The beverage giant Coca Cola (NYSE: KO) is trading at a forward P/E (1yr) of 16.53x, showing that it’s a rather expensive buy in the beverage industry amid high expectations from investors. It has a dividend yield of 2.70% and a PEG of 1.97. A mean recommendation of 2.2 shows that it’s a far more attractive buy than Dr Pepper Snapple Group. Using earnings multiple, we value Coca Cola at $43, which shows an upside of almost 12%, making it a must-buy. You can have a further look at my detailed take on Coca Cola here.

On the other hand, PepsiCo (NYSE: PEP) trades at a forward P/E (1yr) of 15.84x. It’s yielding a dividend of 2.92% and has a mean recommendation of 2.1 on the sell side. This makes it one of the top buys in the beverage industry. Using earnings multiple, PepsiCo’s value comes out $85, showing that the stock is undervalued by more than 12%. As a result, PepsiCo remains the top buy in the beverage industry. My comprehensive analysis on PepsiCo can be found over here.

Conclusion

In contrast to Dr Pepper Snapple Group, its peers Coca Cola and PepsiCo have shown great results in the fourth quarter of 2012. In 2013 as well, the company will be facing severe competition from these two giants. Dr Pepper Snapple has already lowered its earnings estimates for 2013, which is a sign that the company doesn’t expect that much this year. With PepsiCo and Coca Cola having wide range of beverage products, Dr Pepper Snapple can’t take the risk of increasing its prices. As a result, the margins are bound to stay low.  The bottom line is that at the moment, Dr Pepper Snapple Group doesn’t seem to be an attractive buy in the beverage industry. In short, I remain neutral on Dr Pepper Snapple.

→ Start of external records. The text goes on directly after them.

(* Assume $\eta$ is supported on $\{\mathbf{x}\in E:|\mathbf{x}|_\infty\le R\}$ for some $R>0$. Let $\rho$ be a Borel probability measure on $\mathsf{X}$ and let $Y$ be a discrete-time Markov process on $\mathsf{X}$ with transition kernel $\mu$ and $Y_0\sim\rho$. Let $k_1,k_2$ be nonnegative integers. Then $|f_n(Y_{k_2})-f_n(Y_{k_1})|_\infty\le 2g(Y_0)+(k_1+k_2)R$ almost surely.
   Context: Fix $\theta_a,\theta_d>0$, positive integers $n,N$, $E=\mathbb{R}^N$ with the $\infty$-norm $|\cdot|_\infty$, and a Borel probability measure $\eta$ on $E$ with finite mean. $[k]=\{0,\dots,k-1\}$; $|\psi|=\sum_{i\in[n]}\psi(i)$. State space: $\mathsf{X}=\{(\psi,\mathbf{v})\in\{0,1\}^{[n]}\times E^{[n+1]}:\sum_{i\in[n]}\psi(i)(\mathbf{v}(i)-\mathbf{v}(n))=0\}$ (subspace of the product topology, discrete on $\{0,1\}$, Euclidean on $E$). For $i\in[n]$: $r_i(\psi)=\frac{\theta_d\psi(i)+\theta_a(1-\psi(i))}{\theta_d|\psi|+\theta_a(n-|\psi|)}$; $s_i(\psi)$ agrees with $\psi$ except $s_i(\psi)(i)=1-\psi(i)$. For $\mathsf{x}=(\psi,\mathbf{v})\in\mathsf{X}$, $\lambda_i^{\mathsf{x}}$ is the law of $(s_i(\psi),\mathbf{w})$ with $\mathbf{w}(j)=\mathbf{v}(j)$ for $j\in[n]\setminus\{i\}$ and $(\mathbf{w}(i),\mathbf{w}(n))$ equal to $(\mathbf{v}(i),\mathbf{v}(n))$ if $|\psi|=\psi(i)=1$; $(\mathbf{v}(i),\mathbf{v}(n)-\frac{\mathbf{v}(i)-\mathbf{v}(n)}{|\psi|-1})$ if $|\psi|>\psi(i)=1$; $(\mathbf{x}+\mathbf{v}(n),\frac{\mathbf{x}}{|\psi|+1}+\mathbf{v}(n))$ with $\mathbf{x}\sim\eta$ if $\psi(i)=0$. $\mu(\mathsf{x},B)=\sum_{i\in[n]}r_i(\psi)\lambda_i^{\mathsf{x}}(B)$. $f_i(\psi,\mathbf{v})=\mathbf{v}(i)$ for $i\in[n+1]$, and $g(\mathsf{x})=\max\{|f_i(\mathsf{x})|_\infty:i\in[n+1]\}$. *)

theory Defs
  imports "HOL-Probability.Probability"
begin

text \<open>States (psi, v): psi is a 0/1 vector indexed by [n] (extensional on {..<n}),
  v a vector of points of E = real^'N indexed by [n+1] (extensional on {..n}).\<close>

type_synonym 'N state = "(nat \<Rightarrow> bool) \<times> (nat \<Rightarrow> real^'N)"

definition cardpsi :: "nat \<Rightarrow> (nat \<Rightarrow> bool) \<Rightarrow> nat" where
  "cardpsi n psi = card {i. i < n \<and> psi i}"

definition Xset :: "nat \<Rightarrow> ('N::finite) state set" where
  "Xset n = {(psi, v). psi \<in> extensional {..<n} \<and> v \<in> extensional {..n} \<and>
              (\<Sum>i<n. (if psi i then 1 else 0) *\<^sub>R (v i - v n)) = 0}"

definition XM :: "nat \<Rightarrow> ('N::finite) state measure" where
  "XM n = restrict_space
     ((\<Pi>\<^sub>M i\<in>{..<n}. (count_space UNIV :: bool measure)) \<Otimes>\<^sub>M (\<Pi>\<^sub>M i\<in>{..n}. (borel :: (real^'N) measure)))
     (Xset n)"

definition rate :: "real \<Rightarrow> real \<Rightarrow> nat \<Rightarrow> (nat \<Rightarrow> bool) \<Rightarrow> nat \<Rightarrow> real" where
  "rate \<theta>a \<theta>d n psi i =
     (if psi i then \<theta>d else \<theta>a) /
     (\<theta>d * real (cardpsi n psi) + \<theta>a * (real n - real (cardpsi n psi)))"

Vamosrafa7 has no position in any stocks mentioned. The Motley Fool recommends Coca-Cola and PepsiCo. The Motley Fool owns shares of PepsiCo. Try any of our Foolish newsletter services free for 30 days. We Fools may not all hold the same opinions, but we all believe that considering a diverse range of insights makes us better investors. The Motley Fool has a disclosure policy. Is this post wrong? Click here. Think you can do better? Join us and write your own!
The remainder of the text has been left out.